The pilot eased the throttles forward, released the brakes, and the plane waddled ahead. Facing the rear, we parachutists could see the foliage racing by the open door. As the plane’s tail lifted slowly in the air, the world went by in a hurry, like a camera panning too fast. Then the ship was airborne, banking sharply at tree-top level. We could now take our crash helmets off until jump run. The apprehension lessened. Hell, only the pilot had to worry about getting the thing down intact.

You must remember this: In the last scene of the 1942 movie, Casablanca, Humphrey Bogart stares tenderly at Ingrid Bergman and tells her she better be getting on that plane. Aviation nuts and trivia freaks know that she and Laszlo fade into the foggy mist with a Lockheed Lodestar waiting impatiently on the apron.
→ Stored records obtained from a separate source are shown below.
lemma slope_quotient_ge:
  fixes X b :: real and v :: ereal
  assumes "0 < d" "ereal (b * d) + v \<le> ereal X"
  shows "ereal b \<le> max (ereal X - v) 0 / ereal d"
proof (cases v)
  case (real Y)
  with assms have "b \<le> max (X - Y) 0 / d"
    by (simp add: le_divide_eq)
  then show ?thesis using real assms(1) by (auto simp: max_def split: if_splits)
qed (use assms in auto)

lemma global_slope_eqI:
  fixes u :: "'a::metric_space \<Rightarrow> ereal"
  assumes ux: "u x = ereal X" and "0 \<le> c" and u_not_MInf: "\<And>y. u y \<noteq> -\<infinity>"
    and upper: "\<And>y. u x \<le> c * ereal (dist x y) + u y"
    and lower: "\<And>b. 0 < b \<Longrightarrow> ereal b < c \<Longrightarrow> \<exists>z. z \<noteq> x \<and> ereal (b * dist x z) + u z \<le> u x"
  shows "global_slope u x = c"
proof -
  let ?S = "{0} \<union> {max (u x - u y) 0 / ereal (dist x y) | y. y \<noteq> x}"
  have "Sup ?S = c"
  proof (rule antisym)
    show "Sup ?S \<le> c"
    proof (rule Sup_least)
      fix t assume "t \<in> ?S"
      then consider "t = 0" | y where "y \<noteq> x" "t = max (u x - u y) 0 / ereal (dist x y)"
        by blast
      then show "t \<le> c"
      proof cases
        case (2 y)
        then show ?thesis
          using slope_quotient_le[of "dist x y" c "u y" X] upper[of y] ux u_not_MInf \<open>0 \<le> c\<close>
          by simp
      qed (use \<open>0 \<le> c\<close> in simp)
    qed
    show "c \<le> Sup ?S"
    proof (rule dense_le)
      fix b assume "b < c"
      show "b \<le> Sup ?S"
      proof (cases "b \<le> 0")
        case True
        then show ?thesis by (meson Sup_upper UnI1 insertI1 order_trans)
      next
        case False
        then obtain b' where b': "b = ereal b'" "0 < b'"
          using \<open>b < c\<close> by (cases b) auto
        then obtain z where "z \<noteq> x" and z: "ereal (b' * dist x z) + u z \<le> u x"
          using lower \<open>b < c\<close> by blast
        have "b \<le> max (u x - u z) 0 / ereal (dist x z)"
          using slope_quotient_ge[of "dist x z" b' "u z" X] z b' ux \<open>z \<noteq> x\<close> by simp
        then show ?thesis using \<open>z \<noteq> x\<close> by (intro Sup_upper2) auto
      qed
    qed
  qed
  then show ?thesis using ux by (simp add: global_slope_def)
qed

locale nonneg_weight =
  fixes l :: "'a::metric_space \<Rightarrow> ereal"
  assumes l_nonneg: "0 \<le> l x"
begin

definition step_cost :: "(nat \<Rightarrow> 'a) \<Rightarrow> nat \<Rightarrow> ereal" where
  "step_cost s n = l (s n) * ereal (dist (s n) (s (Suc n)))"

definition chain_cost :: "(nat \<Rightarrow> 'a) \<Rightarrow> ereal" where
  "chain_cost s = (\<Sum>n. step_cost s n)"

definition admissible_chains :: "'a \<Rightarrow> (nat \<Rightarrow> 'a) set" where
  "admissible_chains x = {s. s 0 = x \<and> (\<lambda>n. l (s n)) \<longlonglongrightarrow> 0}"

definition min_cost :: "'a \<Rightarrow> ereal" where
  "min_cost x = (INF s\<in>admissible_chains x. chain_cost s)"

lemma step_cost_nonneg: "0 \<le> step_cost s n"
  unfolding step_cost_def using l_nonneg by simp

lemma chain_cost_nonneg: "0 \<le> chain_cost s"
  unfolding chain_cost_def by (rule suminf_0_le) (rule step_cost_nonneg)

lemma min_cost_nonneg: "0 \<le> min_cost x"
  unfolding min_cost_def by (rule INF_greatest) (rule chain_cost_nonneg)

lemma chain_cost_split:
  "chain_cost s = chain_cost (\<lambda>n. s (n + k)) + (\<Sum>n<k. step_cost s n)"
proof -
  have "(\<lambda>n. step_cost s (n + k)) = step_cost (\<lambda>n. s (n + k))"
    by (simp add: step_cost_def fun_eq_iff)
  then show ?thesis
    unfolding chain_cost_def using suminf_ereal_split_initial_segment[of "step_cost s" k, OF step_cost_nonneg]
    by simp
qed

lemma admissible_chains_shift:
  "s \<in> admissible_chains x \<Longrightarrow> (\<lambda>n. s (n + k)) \<in> admissible_chains (s k)"
  unfolding admissible_chains_def using LIMSEQ_ignore_initial_segment[of "\<lambda>n. l (s n)" 0 k] by auto

lemma admissible_chains_case_nat:
  "s \<in> admissible_chains y \<Longrightarrow> case_nat x s \<in> admissible_chains x"
  unfolding admissible_chains_def using filterlim_sequentially_Suc[of "\<lambda>n. l (case_nat x s n)"] by simp

lemma chain_cost_case_nat:
  "s \<in> admissible_chains y \<Longrightarrow> chain_cost (case_nat x s) = l x * ereal (dist x y) + chain_cost s"
  using chain_cost_split[of "case_nat x s" 1]
  by (simp add: admissible_chains_def step_cost_def add.commute)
The Tales of the Legendary Lockheed Lodestar

Photo via Wikipedia

The twin-tailed Lodestar—known also as the Model 18—was one of Lockheed's journeyman planes, carrying cargo, including marijuana, or people across the nation at 251 mph. Not exactly the Concorde, but pretty damn fast for World War II.
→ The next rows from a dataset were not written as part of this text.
(* Let $M$ be a finite group with normal subgroups $K_0\leq K$, and let $E$ be a group acting on $M$ stabilizing $K$ and $K_0$. Let $\mathbb K\subseteq\mathrm{Irr}(K)$ be $ME$-stable. Assume: (i) $K=\operatorname{Z}(K)K_0$; (ii) there exists an $E$-stable subgroup $V\leq M$ such that (ii.1) $M=KV$ and $H:=V\cap K\leq\operatorname{Z}(K)$, and (ii.2) there exists a $VE$-equivariant extension map $\Lambda_0$ with respect to $H\lhd V$ for $\bigcup_{\lambda\in\mathbb K}\mathrm{Irr}(H\mid\lambda)$; (iii) with $\epsilon\colon V\to V/H$ the canonical surjection, there exists an $\epsilon(V)E$-equivariant extension map $\Lambda_\epsilon$ with respect to $K_0\lhd K_0\rtimes\epsilon(V)$ for $\bigcup_{\lambda\in\mathbb K}\mathrm{Irr}(K_0\mid\lambda)$. Then there exists an $ME$-equivariant extension map with respect to $K\lhd M$ for $\mathbb K$.
   Context: An extension map with respect to $H\lhd G'$ for $\mathbb I\subseteq\mathrm{Irr}(H)$ is a map assigning to each $\varphi\in\mathbb I$ an extension of $\varphi$ to its stabilizer $G'_\varphi$; it is $X$-equivariant if it commutes with the action of $X$ by conjugation/automorphisms. $\mathrm{Irr}(H\mid\lambda)$ denotes the irreducible constituents of the restriction of $\lambda$ to $H$. In (iii), $V/H$ acts on $K_0$ since $H\le\operatorname{Z}(K)$ acts trivially, and $K_0\rtimes\epsilon(V)$ is the corresponding semidirect product. *)

theory Defs
  imports "HOL-Algebra.Algebra" "Jordan_Normal_Form.Matrix"
begin

definition is_rep :: "('g, 'b) monoid_scheme \<Rightarrow> nat \<Rightarrow> ('g \<Rightarrow> complex mat) \<Rightarrow> bool" where
  "is_rep G n \<rho> \<longleftrightarrow> 0 < n \<and> (\<forall>g\<in>carrier G. \<rho> g \<in> carrier_mat n n) \<and>
     \<rho> \<one>\<^bsub>G\<^esub> = 1\<^sub>m n \<and>
     (\<forall>g\<in>carrier G. \<forall>h\<in>carrier G. \<rho> (g \<otimes>\<^bsub>G\<^esub> h) = \<rho> g * \<rho> h)"

definition is_subspace :: "nat \<Rightarrow> complex vec set \<Rightarrow> bool" where
  "is_subspace n W \<longleftrightarrow> W \<subseteq> carrier_vec n \<and> 0\<^sub>v n \<in> W \<and>
     (\<forall>v\<in>W. \<forall>w\<in>W. v + w \<in> W) \<and> (\<forall>c. \<forall>v\<in>W. c \<cdot>\<^sub>v v \<in> W)"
Meanwhile, the plane had gained a new, cult-like popularity. One pilot said the Lodestar was also a specialty ship, good for only two jobs: marijuana smuggling from Colombia, or whisking a couple dozen skydivers up to 15,000 feet for a free-fall orgy.
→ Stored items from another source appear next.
definition dim_mod :: "real measure \<Rightarrow> real measure \<Rightarrow> vec set \<Rightarrow> enat" where
  "dim_mod Mp Mm S = Sup {enat (card F) | F. finite F \<and> F \<subseteq> S \<and> indep_mod Mp Mm F}"

definition op_sigma_p :: "real measure \<Rightarrow> real measure \<Rightarrow> (vec \<times> vec) set \<Rightarrow> complex set" where
  "op_sigma_p Mp Mm A = {z. \<exists>v \<in> rootsp Mp Mm A z 1. \<not> vnull Mp Mm v}"

definition geom_mult :: "real measure \<Rightarrow> real measure \<Rightarrow> (vec \<times> vec) set \<Rightarrow> complex \<Rightarrow> enat" where
  "geom_mult Mp Mm A z = dim_mod Mp Mm (rootsp Mp Mm A z 1)"

definition alg_mult :: "real measure \<Rightarrow> real measure \<Rightarrow> (vec \<times> vec) set \<Rightarrow> complex \<Rightarrow> enat" where
  "alg_mult Mp Mm A z = dim_mod Mp Mm (\<Union>n. rootsp Mp Mm A z n)"

definition simple_eig :: "real measure \<Rightarrow> real measure \<Rightarrow> (vec \<times> vec) set \<Rightarrow> complex \<Rightarrow> bool" where
  "simple_eig Mp Mm A z \<longleftrightarrow> z \<in> op_sigma_p Mp Mm A \<and> alg_mult Mp Mm A z = 1"

definition is_greatest :: "enat set \<Rightarrow> enat \<Rightarrow> bool" where
  "is_greatest S k \<longleftrightarrow> k \<in> S \<and> (\<forall>k'\<in>S. k' \<le> k)"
The Lodestar had enviable specifications for an airplane of its size and age, which allowed it to accomplish either task, marijuana smuggling or sky diving, with ease. First, it could take off and land on a relatively short runway (or on dirt fields). With a light payload and a good pilot, she could get airborne in as little as 985 feet, and would touch down and roll to a stop in less than 600 yards. Smugglers didn’t often fly in or out of airports—especially ones with long runways—so the short field capability was an attractive one.

The plane also had a 1,740" per minute rate of climb, which is especially good for parachuting. Before big planes were used in skydiving, four or five jumpers would be crammed like sardines into a small Cessna or other single-engine plane for a 45-minute ride before being able to make a long free fall. The Lodestar could have made 15,000 in 12 minutes. And—aside from the unnerving take off—the ride is roomy and comfortable.

Of course, the Lodestar was used by lots of pilots other those involved in marijuana smuggling or skydiving. The stripped-down version was a popular cargo plane, which had proven to be economical on short runs.

The Creation of Learjet

Photo via Adastron

In its prime, nobody knew for sure just how many Lodestars were actually flying around. A spokesman for Lockheed said, “Our records are very, very sketchy on this airplane.” The thriftiness of the Lodestar had attracted the attention of two disparate aficionados of the skies: Bill Lear and Kenny Burnstine. The former was a capitalist of the airplane industry, the latter a maven of the marijuana smuggling industry.

Shortly after World War II, Bill Lear bought a fleet of Lodestars. Lear tinkered with their noses and streamlined the fuselages. He added ferrings to the landing gear and beefed up the horsepower. The result was a modified plane he called the Learstar. Lear’s new plane was one of the first truly executive aircraft, and Lear guaranteed a 300 mph cruise speed for businessmen who were in a hurry. Today, Lear’s business jets dot the aprons of runways all over the world. Obviously, the man had a certain amount of prescience.

Smuggles and Troubles

Burnstine eschewed law and order for a career of arms dealing and marijuana smuggling. One of the most famous pilots in smuggling history, Burnstine used a fleet of Lodestars in his operation. One of his Lockheeds cracked up and lost 4,000 pounds of marijuana on a Florida beach. Nobody is sure whether the pilot overloaded the plane, or if he crashed trying to use circus maneuvers in eluding drug enforcement agents. (The Lodestar was not known for its hammerhead stalls, loops, or other stunts. No matter what you did, it wouldn’t fly like P-51 Mustang).

A less celebrated marijuana smuggler was a Florida man named Errol J. Mirmelli. Mirmelli bought a Lodestar with $57,000 cash. Obviously, he expected a quick return on his investment. He loaded up the plane with 1,800 pounds of marijuana and flew northbound, apparently to his connection in New Jersey. He landed at Teterboro Airport on March 22, 1976, only to be met by US Customs agents who had been tipped off about the shipment. Having served five years in the can, Mirmelli probably wished he was still in Miami working as a travel agent. Once a local ganja express, the “Ramp Queen” was known by airport people to sit idly on the apron until the feds decided what to do with it.

All the notoriety given to the Lodestar had probably done nothing to help smugglers who wanted to move a lot of weed very quickly. Obviously, drug agents knew the plane was widely used for marijuana smugging, so any Lodestar was a conspicuous one. Chances were Customs agents would have checked Mirmelli’s cargo even if they hadn’t been tipped off. An airport spokesman said Lodestars were rare at busy executive and cargo terminals like Teterboro.

Parachutists, however, would still happily bail out of the relics on weekends. As one jumper said, “It’s a bitchin’ plane. Wide door for fast exits. Gets up there fast. Fly in one all day, as long as I don’t have to land in it.”